■ INFORMATION GIVEN ■
text \<open>Fix a direction v and let M, m be upper and lower bounds of the projections v \<bullet> x_j
  over one delay window. Such bounds persist for all later times, and the gaps M - v \<bullet> x_i and
  v \<bullet> x_i - m decay at most at rate K. Two windows later the two gaps of any pair of agents
  i, l add up to at least (1 - C)(M - m): either at some delayed time the projection of l lies above
  that of i, and the gaps already add up to M - m and then only decay, or it never does, and then
  every other agent pulls i down and l up with weight at least psi0, so the gap sum obeys a
  linear differential inequality with source psi0 (M - m). One more window of decay gives the
  factor C~ for the spread of the projections; v in the direction of x_i(s) - x_j(t) turns this
  into the bound on the diameters.\<close>

lemma gronwall_lower_bound:
  fixes f f' :: "real \<Rightarrow> real"
  assumes K: "K > 0" and ab: "a \<le> b" and f_cont: "continuous_on {a..b} f"
    and f_deriv: "\<And>r. a < r \<Longrightarrow> r < b \<Longrightarrow> (f has_real_derivative f' r) (at r)"
    and f'_ge: "\<And>r. a < r \<Longrightarrow> r < b \<Longrightarrow> c - K * f r \<le> f' r"
  shows "exp (-K*(b-a)) * f a + c/K * (1 - exp (-K*(b-a))) \<le> f b"
proof -
  define G where "G r = exp (K*r) * (f r - c/K)" for r
  have "G a \<le> G b"
  proof (rule DERIV_nonneg_imp_increasing_open[OF ab])
    fix r assume r: "a < r" "r < b"
    have "(G has_real_derivative exp (K*r) * (f' r + K * f r - c)) (at r)"
      unfolding G_def using K
      by (auto intro!: derivative_eq_intros f_deriv r simp: field_simps)
    moreover have "0 \<le> exp (K*r) * (f' r + K * f r - c)"
      using f'_ge[OF r] by simp
    ultimately show "\<exists>y. (G has_real_derivative y) (at r) \<and> 0 \<le> y" by blast
  qed (unfold G_def, intro continuous_intros f_cont)
  then have "exp (-K*(b-a)) * (f a - c/K) \<le> f b - c/K"
    unfolding G_def by (simp add: exp_minus_inverse field_simps exp_diff mult_exp_exp)
  then show ?thesis by (simp add: algebra_simps)
qed

lemma inner_sgn_self: "sgn y \<bullet> y = norm y"
  by (cases "y = 0") (simp_all add: sgn_div_norm power2_norm_eq_inner[symmetric] power2_eq_square)

lemma inner_le_if_norm_le_one:
  assumes "norm v \<le> 1" "norm y \<le> B"
  shows "v \<bullet> y \<le> B"
  using norm_cauchy_schwarz[of v y] mult_mono[OF assms] by simp

lemma sum_gaps_ge:
  fixes y :: "nat \<Rightarrow> real"
  assumes i: "i \<in> {1..N}" and l: "l \<in> {1..N}" and order: "y l \<le> y i"
  shows "(real N - 1) * (M - m) \<le> (\<Sum>j\<in>{1..N}-{i}. M - y j) + (\<Sum>j\<in>{1..N}-{l}. y j - m)"
proof -
  have "(\<Sum>j\<in>{1..N}-{i}. M - y j) = (\<Sum>j\<in>{1..N}. M - y j) - (M - y i)"
    and "(\<Sum>j\<in>{1..N}-{l}. y j - m) = (\<Sum>j\<in>{1..N}. y j - m) - (y l - m)"
    using sum.remove[of "{1..N}" i "\<lambda>j. M - y j"] sum.remove[of "{1..N}" l "\<lambda>j. y j - m"] i l
    by simp_all
  moreover have "(\<Sum>j\<in>{1..N}. M - y j) + (\<Sum>j\<in>{1..N}. y j - m) = real N * (M - m)"
    by (simp add: sum.distrib[symmetric])
  ultimately show ?thesis using order by (simp add: algebra_simps)
qed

■ ASSIGNMENT ■
State how many lines of the listing include "decay", and nothing more.

■ YOUR SOLUTION ■
3